* _YOUR INSTRUCTIONS_
The task calls for every line of the data to be repeated exactly.

* _SOURCE RECORDS_
lemma pres_eq_subst:
  assumes f: "\<And>i. i < n \<Longrightarrow> f i \<in> words m"
    and rel: "\<And>r. r \<in> R \<Longrightarrow> (subst f r, []) \<in> pres_eq m R2"
    and ab: "(a, b) \<in> pres_eq n R"
  shows "(subst f a, subst f b) \<in> pres_eq m R2"
proof -
  have subst_step: "(subst f c, subst f d) \<in> pres_eq m R2" if "(c, d) \<in> pres_step n R" for c d
    using that unfolding pres_step_def
  proof (elim UnE CollectE exE conjE)
    fix u v x
    assume cd: "(c, d) = (u @ [x, inv_letter x] @ v, u @ v)" and "u \<in> words n" "v \<in> words n" "fst x < n"
    then have "subst f u \<in> words m" "subst f v \<in> words m" "subst_letter f x \<in> words m"
      using f subst_in_words[OF f] by (auto simp: subst_letter_def)
    from pres_eq_context[OF pres_eq_append_inv_word[OF this(3)] this(1,2)] cd
    show ?thesis by (simp add: subst_letter_inv_letter)
  next
    fix u v r
    assume cd: "(c, d) = (u @ r @ v, u @ v)" and "u \<in> words n" "v \<in> words n" "r \<in> R"
    then have "subst f u \<in> words m" "subst f v \<in> words m"
      using subst_in_words[OF f] by auto
    from pres_eq_context[OF rel[OF \<open>r \<in> R\<close>] this] cd show ?thesis by simp
  qed
  from ab show ?thesis
    unfolding pres_eq_def[of n R]
  proof (induction rule: rtrancl_induct)
    case (step y z)
    from step.hyps(2) have "(subst f y, subst f z) \<in> pres_eq m R2"
    proof
      assume "(y, z) \<in> (pres_step n R)\<inverse>"
      then show ?thesis by (auto intro: pres_eq_sym subst_step)
    qed (rule subst_step)
    with step.IH show ?case by (rule pres_eq_trans)
  qed simp
qed

definition word_class :: "nat \<Rightarrow> letter list set \<Rightarrow> letter list \<Rightarrow> letter list set" where
  "word_class n R w = pres_eq n R `` {w}"

lemma word_class_eq_iff: "word_class n R a = word_class n R b \<longleftrightarrow> (a, b) \<in> pres_eq n R"
  unfolding word_class_def
  by (metis Image_singleton_iff pres_eq_refl pres_eq_sym pres_eq_trans equalityI subsetI)

lemma carrier_presented_group: "carrier (presented_group n R) = word_class n R ` words n"
  by (auto simp: presented_group_def quotient_def word_class_def)

lemma pres_eq_some_word_class: "(a, SOME a'. a' \<in> word_class n R a) \<in> pres_eq n R"
proof -
  have "a \<in> word_class n R a"
    by (simp add: word_class_def)
  then have "(SOME a'. a' \<in> word_class n R a) \<in> word_class n R a"
    by (rule someI)
  then show ?thesis
    by (simp add: word_class_def)
qed

lemma mult_presented_group:
  assumes "R \<subseteq> words n" "a \<in> words n" "b \<in> words n"
  shows "mult (presented_group n R) (word_class n R a) (word_class n R b) = word_class n R (a @ b)"
proof -
  let ?a = "SOME a'. a' \<in> word_class n R a" and ?b = "SOME b'. b' \<in> word_class n R b"
  have "?b \<in> words n"
    using pres_eq_in_words[OF assms(1) pres_eq_some_word_class assms(3)] .
  then have "(a @ b, ?a @ ?b) \<in> pres_eq n R"
    using assms by (intro pres_eq_append pres_eq_some_word_class)
  then show ?thesis
    by (simp add: presented_group_def word_class_def[symmetric] word_class_eq_iff pres_eq_sym)
qed

definition induced_hom ::
    "(nat \<Rightarrow> letter list) \<Rightarrow> nat \<Rightarrow> letter list set \<Rightarrow> letter list set \<Rightarrow> letter list set" where
  "induced_hom f m R' A = word_class m R' (subst f (SOME a. a \<in> A))"

lemma induced_hom_word_class:
  assumes "\<And>i. i < n \<Longrightarrow> f i \<in> words m" "\<And>r. r \<in> R \<Longrightarrow> (subst f r, []) \<in> pres_eq m R'"
  shows "induced_hom f m R' (word_class n R a) = word_class m R' (subst f a)"
  unfolding induced_hom_def word_class_eq_iff
  by (rule pres_eq_sym, rule pres_eq_subst[OF assms pres_eq_some_word_class])

lemma induced_hom_in_hom:
  assumes f: "\<And>i. i < n \<Longrightarrow> f i \<in> words m"
    and rel: "\<And>r. r \<in> R \<Longrightarrow> (subst f r, []) \<in> pres_eq m R'"
    and R: "R \<subseteq> words n" and R': "R' \<subseteq> words m"
  shows "induced_hom f m R' \<in> hom (presented_group n R) (presented_group m R')"
proof (rule homI)
  fix x assume "x \<in> carrier (presented_group n R)"
  then obtain a where "a \<in> words n" "x = word_class n R a"
    by (auto simp: carrier_presented_group)
  then show "induced_hom f m R' x \<in> carrier (presented_group m R')"
    by (simp add: induced_hom_word_class[OF f rel] carrier_presented_group subst_in_words[OF f])
next
  fix x y
  assume "x \<in> carrier (presented_group n R)" "y \<in> carrier (presented_group n R)"
  then obtain a b where "a \<in> words n" "x = word_class n R a" "b \<in> words n" "y = word_class n R b"
    by (auto simp: carrier_presented_group)
  then show "induced_hom f m R' (x \<otimes>\<^bsub>presented_group n R\<^esub> y) =
      induced_hom f m R' x \<otimes>\<^bsub>presented_group m R'\<^esub> induced_hom f m R' y"
    by (simp add: mult_presented_group[OF R] mult_presented_group[OF R']
        induced_hom_word_class[OF f rel] subst_in_words[OF f])
qed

* _RESPONSE FOR THIS EXERCISE_
lemma pres_eq_subst:
  assumes f: "\<And>i. i < n \<Longrightarrow> f i \<in> words m"
    and rel: "\<And>r. r \<in> R \<Longrightarrow> (subst f r, []) \<in> pres_eq m R2"
    and ab: "(a, b) \<in> pres_eq n R"
  shows "(subst f a, subst f b) \<in> pres_eq m R2"
proof -
  have subst_step: "(subst f c, subst f d) \<in> pres_eq m R2" if "(c, d) \<in> pres_step n R" for c d
    using that unfolding pres_step_def
  proof (elim UnE CollectE exE conjE)
    fix u v x
    assume cd: "(c, d) = (u @ [x, inv_letter x] @ v, u @ v)" and "u \<in> words n" "v \<in> words n" "fst x < n"
    then have "subst f u \<in> words m" "subst f v \<in> words m" "subst_letter f x \<in> words m"
      using f subst_in_words[OF f] by (auto simp: subst_letter_def)
    from pres_eq_context[OF pres_eq_append_inv_word[OF this(3)] this(1,2)] cd
    show ?thesis by (simp add: subst_letter_inv_letter)
  next
    fix u v r
    assume cd: "(c, d) = (u @ r @ v, u @ v)" and "u \<in> words n" "v \<in> words n" "r \<in> R"
    then have "subst f u \<in> words m" "subst f v \<in> words m"
      using subst_in_words[OF f] by auto
    from pres_eq_context[OF rel[OF \<open>r \<in> R\<close>] this] cd show ?thesis by simp
  qed
  from ab show ?thesis
    unfolding pres_eq_def[of n R]
  proof (induction rule: rtrancl_induct)
    case (step y z)
    from step.hyps(2) have "(subst f y, subst f z) \<in> pres_eq m R2"
    proof
      assume "(y, z) \<in> (pres_step n R)\<inverse>"
      then show ?thesis by (auto intro: pres_eq_sym subst_step)
    qed (rule subst_step)
    with step.IH show ?case by (rule pres_eq_trans)
  qed simp
qed

definition word_class :: "nat \<Rightarrow> letter list set \<Rightarrow> letter list \<Rightarrow> letter list set" where
  "word_class n R w = pres_eq n R `` {w}"

lemma word_class_eq_iff: "word_class n R a = word_class n R b \<longleftrightarrow> (a, b) \<in> pres_eq n R"
  unfolding word_class_def
  by (metis Image_singleton_iff pres_eq_refl pres_eq_sym pres_eq_trans equalityI subsetI)

lemma carrier_presented_group: "carrier (presented_group n R) = word_class n R ` words n"
  by (auto simp: presented_group_def quotient_def word_class_def)

lemma pres_eq_some_word_class: "(a, SOME a'. a' \<in> word_class n R a) \<in> pres_eq n R"
proof -
  have "a \<in> word_class n R a"
    by (simp add: word_class_def)
  then have "(SOME a'. a' \<in> word_class n R a) \<in> word_class n R a"
    by (rule someI)
  then show ?thesis
    by (simp add: word_class_def)
qed

lemma mult_presented_group:
  assumes "R \<subseteq> words n" "a \<in> words n" "b \<in> words n"
  shows "mult (presented_group n R) (word_class n R a) (word_class n R b) = word_class n R (a @ b)"
proof -
  let ?a = "SOME a'. a' \<in> word_class n R a" and ?b = "SOME b'. b' \<in> word_class n R b"
  have "?b \<in> words n"
    using pres_eq_in_words[OF assms(1) pres_eq_some_word_class assms(3)] .
  then have "(a @ b, ?a @ ?b) \<in> pres_eq n R"
    using assms by (intro pres_eq_append pres_eq_some_word_class)
  then show ?thesis
    by (simp add: presented_group_def word_class_def[symmetric] word_class_eq_iff pres_eq_sym)
qed

definition induced_hom ::
    "(nat \<Rightarrow> letter list) \<Rightarrow> nat \<Rightarrow> letter list set \<Rightarrow> letter list set \<Rightarrow> letter list set" where
  "induced_hom f m R' A = word_class m R' (subst f (SOME a. a \<in> A))"

lemma induced_hom_word_class:
  assumes "\<And>i. i < n \<Longrightarrow> f i \<in> words m" "\<And>r. r \<in> R \<Longrightarrow> (subst f r, []) \<in> pres_eq m R'"
  shows "induced_hom f m R' (word_class n R a) = word_class m R' (subst f a)"
  unfolding induced_hom_def word_class_eq_iff
  by (rule pres_eq_sym, rule pres_eq_subst[OF assms pres_eq_some_word_class])

lemma induced_hom_in_hom:
  assumes f: "\<And>i. i < n \<Longrightarrow> f i \<in> words m"
    and rel: "\<And>r. r \<in> R \<Longrightarrow> (subst f r, []) \<in> pres_eq m R'"
    and R: "R \<subseteq> words n" and R': "R' \<subseteq> words m"
  shows "induced_hom f m R' \<in> hom (presented_group n R) (presented_group m R')"
proof (rule homI)
  fix x assume "x \<in> carrier (presented_group n R)"
  then obtain a where "a \<in> words n" "x = word_class n R a"
    by (auto simp: carrier_presented_group)
  then show "induced_hom f m R' x \<in> carrier (presented_group m R')"
    by (simp add: induced_hom_word_class[OF f rel] carrier_presented_group subst_in_words[OF f])
next
  fix x y
  assume "x \<in> carrier (presented_group n R)" "y \<in> carrier (presented_group n R)"
  then obtain a b where "a \<in> words n" "x = word_class n R a" "b \<in> words n" "y = word_class n R b"
    by (auto simp: carrier_presented_group)
  then show "induced_hom f m R' (x \<otimes>\<^bsub>presented_group n R\<^esub> y) =
      induced_hom f m R' x \<otimes>\<^bsub>presented_group m R'\<^esub> induced_hom f m R' y"
    by (simp add: mult_presented_group[OF R] mult_presented_group[OF R']
        induced_hom_word_class[OF f rel] subst_in_words[OF f])
qed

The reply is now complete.